5.5.1 Impacts from Design-Basis Accidents

The environmental impacts of postulated accidents were evaluated for the license renewal period in GEIS Chapter 5. All plants have had a previous evaluation of the environmental impacts of design-basis accidents. In addition, the licensee will be required to maintain acceptable design and performance criteria throughout the renewal period. Therefore, the calculated releases from design-basis accidents would not be expected to change. Since the consequences of these events are evaluated for the hypothetical maximally exposed individual at the time of licensing, changes in the plant environment will not affect these evaluations. Therefore, the staff concludes that the environmental impacts of design-basis accidents are of small significance for all plants. Because the environmental impacts of design basis accidents are of small significance and because additional measures to reduce such impacts would be costly, the staff concludes that no mitigation measures beyond those implemented during the current term license would be warranted. This is a Category 1 issue.

5.5.2 Impacts from Severe Accidents

5.5.2.1 Atmospheric Releases

The evaluation of health and dose effects caused by atmospheric releases used a prediction process to identify those plant sites that are bounded by existing analyses. Existing analyses represent only a subset of operating plants. A particular portion of this subset, specifically those plants having severe accident analyses in their respective FESs, was used in this evaluation. EI (which is a function of population and wind direction), in conjunction with the FES severe accident analyses, was then used to develop a means to predict consequences for all plants.

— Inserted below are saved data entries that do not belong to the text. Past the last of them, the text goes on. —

(* Let $n\ge1$, $k=1$, $m\ge1$, let $O\subseteq\mathbb{R}^n\times\mathbb{R}$ be open, let $U\subseteq\mathbb{R}^m$ be nonempty and closed, and let $\Omega=\{y\in\mathbb{R}:\exists x \text{ with } (x,y)\in O\}$. Let $A:\Omega\times U\to\mathbb{R}^{n\times n}$, $b:\Omega\times U\to\mathbb{R}^n$, $c_{1,j}:\Omega\to\mathbb{R}$ ($j=1,\dots,n$) and $f_1:\Omega\times U\to\mathbb{R}$ be locally Lipschitz, and consider the system $$\dot x(t)=A(y(t),u(t))x(t)+b(y(t),u(t)),\qquad \dot y(t)=f_1(y(t),u(t))+\sum_{j=1}^n c_{1,j}(y(t))x_j(t),$$ with $(x(t),y(t))\in O$, $u(t)\in U$. Assume that for every $(x_0,y_0)\in O$ and every $u\in L^\infty_{loc}(\mathbb{R}_+;U)$ there is a unique solution $t\mapsto (x(t,x_0,y_0;u),y(t,x_0,y_0;u))\in O$ on $[0,+\infty)$ satisfying the equations a.e. with initial value $(x_0,y_0)$. Let $r>0$, $(x_0,y_0)\in O$ and $u\in L^\infty([0,r];U)$, and suppose there exist $t,t_1,\dots,t_{n-1}\in[0,r]$ such that $$\det\begin{bmatrix} C'(t,x_0,y_0;u)\Phi(t,x_0,y_0;u)\\ C'(t_1,x_0,y_0;u)\Phi(t_1,x_0,y_0;u)\\ \vdots\\ C'(t_{n-1},x_0,y_0;u)\Phi(t_{n-1},x_0,y_0;u)\end{bmatrix}\neq0 .$$ Then the input $u$ strongly distinguishes the state $(x_0,y_0)$ in time $r$. Moreover, the symmetric matrix $Q(r,x_0,y_0;u)$ is positive definite and $x_0=Q^{-1}(r,x_0,y_0;u)\int_0^r q(t,x_0,y_0;u)p(t,x_0,y_0;u)\,dt$.
   Context: For $u\in L^\infty([0,r];U)$, solutions on $[0,r]$ are obtained from any extension of $u$ to $L^\infty_{loc}(\mathbb{R}_+;U)$. Definition: $u\in L^\infty([0,r];U)$ strongly distinguishes $(x_0,y_0)\in O$ in time $r>0$ if for every $(\xi,\eta)\in O$ with $(\xi,\eta)\neq(x_0,y_0)$, $\max_{t\in[0,r]}|y(t,x_0,y_0;u)-y(t,\xi,\eta;u)|>0$. Notation: $y(t)=y(t,x_0,y_0;u)$; $\Phi(t,x_0,y_0;u)$ solves $\frac{d}{dt}\Phi=A(y(t),u(t))\Phi$, $\Phi(0)=I$; $C'(t,x_0,y_0;u)=(c_{1,1}(y(t)),\dots,c_{1,n}(y(t)))\in\mathbb{R}^{1\times n}$ and $C=(C')'$; $\theta(t,x_0,y_0;u)=\int_0^t\Phi(t)\Phi^{-1}(\tau)b(y(\tau),u(\tau))d\tau$; $q(t,x_0,y_0;u)=\int_0^t\Phi'(s)C(s)ds\in\mathbb{R}^n$; $p(t,x_0,y_0;u)=y(t)-y_0-\int_0^t f_1(y(s),u(s))ds-\int_0^tC'(s)\theta(s)ds$; $Q(r,x_0,y_0;u)=\int_0^r q(t)q'(t)dt$. A prime denotes transpose. *)

theory Defs
  imports "HOL-Analysis.Analysis"
begin

definition locally_lipschitz_on :: "'a::metric_space set \<Rightarrow> ('a \<Rightarrow> 'b::metric_space) \<Rightarrow> bool" where
  "locally_lipschitz_on S g \<longleftrightarrow> (\<forall>p\<in>S. \<exists>e>0. \<exists>L. L-lipschitz_on (cball p e \<inter> S) g)"

text \<open>Inputs in L-infinity-loc(R_+; U) (a representative: Lebesgue measurable,
  U-valued on [0,oo), bounded on every compact time interval).\<close>
definition admissible_input :: "'m::euclidean_space set \<Rightarrow> (real \<Rightarrow> 'm) \<Rightarrow> bool" where
  "admissible_input U u \<longleftrightarrow> u \<in> borel_measurable lebesgue \<and> (\<forall>t\<ge>0. u t \<in> U) \<and>
     (\<forall>T. bounded (u ` {0..T}))"

definition sys_rhs ::
  "(real \<Rightarrow> 'm \<Rightarrow> real^'n^'n) \<Rightarrow> (real \<Rightarrow> 'm \<Rightarrow> real^'n) \<Rightarrow> (real \<Rightarrow> real^'n) \<Rightarrow>
   (real \<Rightarrow> 'm \<Rightarrow> real) \<Rightarrow> (real \<Rightarrow> 'm) \<Rightarrow> (real \<Rightarrow> (real^'n) \<times> real) \<Rightarrow> real \<Rightarrow> (real^'n) \<times> real" where
  "sys_rhs A b c f1 u z s =
     (A (snd (z s)) (u s) *v fst (z s) + b (snd (z s)) (u s),
      f1 (snd (z s)) (u s) + c (snd (z s)) \<bullet> fst (z s))"

text \<open>Solution on [0,oo) in the Caratheodory (integral) sense, staying in Ost.\<close>
definition is_solution ::
  "((real^'n) \<times> real) set \<Rightarrow> (real \<Rightarrow> 'm \<Rightarrow> real^'n^'n) \<Rightarrow> (real \<Rightarrow> 'm \<Rightarrow> real^'n) \<Rightarrow> (real \<Rightarrow> real^'n) \<Rightarrow>
   (real \<Rightarrow> 'm \<Rightarrow> real) \<Rightarrow> (real \<Rightarrow> 'm) \<Rightarrow> real^'n \<Rightarrow> real \<Rightarrow> (real \<Rightarrow> (real^'n) \<times> real) \<Rightarrow> bool" where
  "is_solution Ost A b c f1 u x0 y0 z \<longleftrightarrow>
     z 0 = (x0, y0) \<and> (\<forall>t\<ge>0. z t \<in> Ost) \<and>
     (\<forall>t\<ge>0. (sys_rhs A b c f1 u z has_integral (z t - z 0)) {0..t})"

definition traj where
  "traj Ost A b c f1 u x0 y0 = (SOME z. is_solution Ost A b c f1 u x0 y0 z)"

definition ytraj where
  "ytraj Ost A b c f1 u x0 y0 t = snd (traj Ost A b c f1 u x0 y0 t)"

definition strongly_distinguishes where
  "strongly_distinguishes Ost A b c f1 u r x0 y0 \<longleftrightarrow>
     (\<forall>\<xi> \<eta>. (\<xi>, \<eta>) \<in> Ost \<and> (\<xi>, \<eta>) \<noteq> (x0, y0) \<longrightarrow>
        (SUP t\<in>{0..r}. \<bar>ytraj Ost A b c f1 u x0 y0 t - ytraj Ost A b c f1 u \<xi> \<eta> t\<bar>) > 0)"

definition fundmat where
  "fundmat Ost A b c f1 u x0 y0 = (SOME \<Phi>. \<Phi> 0 = mat 1 \<and>
     (\<forall>t\<ge>0. ((\<lambda>s. A (ytraj Ost A b c f1 u x0 y0 s) (u s) ** \<Phi> s) has_integral (\<Phi> t - mat 1)) {0..t}))"

definition theta where
  "theta Ost A b c f1 u x0 y0 t = integral {0..t}
     (\<lambda>\<tau>. (fundmat Ost A b c f1 u x0 y0 t ** matrix_inv (fundmat Ost A b c f1 u x0 y0 \<tau>))
            *v b (ytraj Ost A b c f1 u x0 y0 \<tau>) (u \<tau>))"

definition qfun where
  "qfun Ost A b c f1 u x0 y0 t = integral {0..t}
     (\<lambda>s. transpose (fundmat Ost A b c f1 u x0 y0 s) *v c (ytraj Ost A b c f1 u x0 y0 s))"

definition pfun where
  "pfun Ost A b c f1 u x0 y0 t =
     ytraj Ost A b c f1 u x0 y0 t - y0
     - integral {0..t} (\<lambda>s. f1 (ytraj Ost A b c f1 u x0 y0 s) (u s))
     - integral {0..t} (\<lambda>s. c (ytraj Ost A b c f1 u x0 y0 s) \<bullet> theta Ost A b c f1 u x0 y0 s)"

definition Qmat where
  "Qmat Ost A b c f1 u x0 y0 r = integral {0..r}
     (\<lambda>t. \<chi> i j. qfun Ost A b c f1 u x0 y0 t $ i * qfun Ost A b c f1 u x0 y0 t $ j)"

end

theory Submission
  imports Defs
begin

(*
  Along the output y of (x0, y0) the x-equation is the linear time-varying system
  x' = A(y, u) x + b(y, u), so x(t) = \<Phi>(t) x0 + \<theta>(t) by variation of constants, and the
  y-equation turns p(t) = y(t) - y0 - \<integral> f1 - \<integral> C'\<theta> into the linear observation q(t) \<bullet> x0.
  A state (\<xi>, \<eta>) with the same output on [0, r] has \<eta> = y0 and drives the same linear system,
  so q(t) \<bullet> \<xi> = p(t) = q(t) \<bullet> x0 there. If q(t) \<bullet> v vanished on [0, r], so would its
  derivative C'(t) \<Phi>(t) v, in particular at t, t1, ..., t(n-1); the rank condition therefore
  makes the Gramian Q = \<integral> q q' positive definite, which gives \<xi> = x0 and x0 = Q\<inverse> \<integral> p q.
*)

section \<open>Product rule for indefinite integrals\<close>

lemma sigma_finite_lebesgue_real: "sigma_finite_measure (lebesgue :: real measure)"
proof
  have "x \<in> (\<Union>n::nat. {-real n..real n})" for x :: real
  proof -
    obtain n :: nat where "\<bar>x\<bar> \<le> real n" using real_arch_simple by blast
    then show ?thesis by (auto intro!: exI[of _ n])
  qed
  then show "\<exists>A. countable A \<and> A \<subseteq> sets (lebesgue :: real measure) \<and> \<Union> A = space lebesgue \<and>
      (\<forall>a\<in>A. emeasure lebesgue a \<noteq> \<infinity>)"
    by (intro exI[of _ "range (\<lambda>n::nat. {-real n..real n})"]) (auto simp: emeasure_lborel_cbox_eq)
qed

Average values and 95 percent UCB values were estimated. Table 5.6 provides the results of this prediction process.

Results indicate that the predicted effects of a severe accident during MYR at the 74 sites of nuclear power plants in the United States are not expected to exceed a small fraction of that risk to which the population is already exposed. In addition, the dose to individuals was also predicted. Results indicate that the highest e individual dose would be 3 x  10-4 rem/RY. This dose compares to an average of 3 x 10-1 rem/person/year for all other causes, including radon. Therefore, the probability-weighted consequences from atmospheric releases associated with severe accidents is judged to be of small significance for all plants.

5.5.2.2 Fallout onto Open Bodies of Water

The results of comparative analyses for the drinking-water pathway concluded that Great Lakes sites have the same order-of-magnitude risk that was calculated in the Fermi 2 FES, which is only a small fraction of the risk from atmospheric pathway releases. River sites with potentially greater risk than in the Fermi FES are amenable to interdiction, which can significantly reduce risk. In the case of the aquatic food pathway, interdicted population exposures are less than or essentially the same as atmospheric pathway releases. For both the drinking water and aquatic food pathways, the probability-weighted consequences from fallout due to severe accidents is of small significance.

5.5.2.3 Releases from Groundwater

The comparative analyses for this pathway were done by first segregating all sites into six general categories as called out in the NRC LPGS (NUREG-0440) and then estimating if the risk consequences calculated in existing analyses (including the LPGS) bounds the risks for all other plants within each category.

Of the six categories, three are judged to be bound by existing analyses. These categories are Great Lake sites, estuaries, and dry sites.

For the other categories, estimates were made of the degree to which groundwater releases could exceed existing analyses. For all six categories, the staff concluded that the risk to the population was either a small fraction of that for atmospheric releases or, in a few cases, comparable to that from atmospheric releases. Therefore, the probability-weighted consequences from groundwater releases due to severe accidents is judged to be of small significance for all plants.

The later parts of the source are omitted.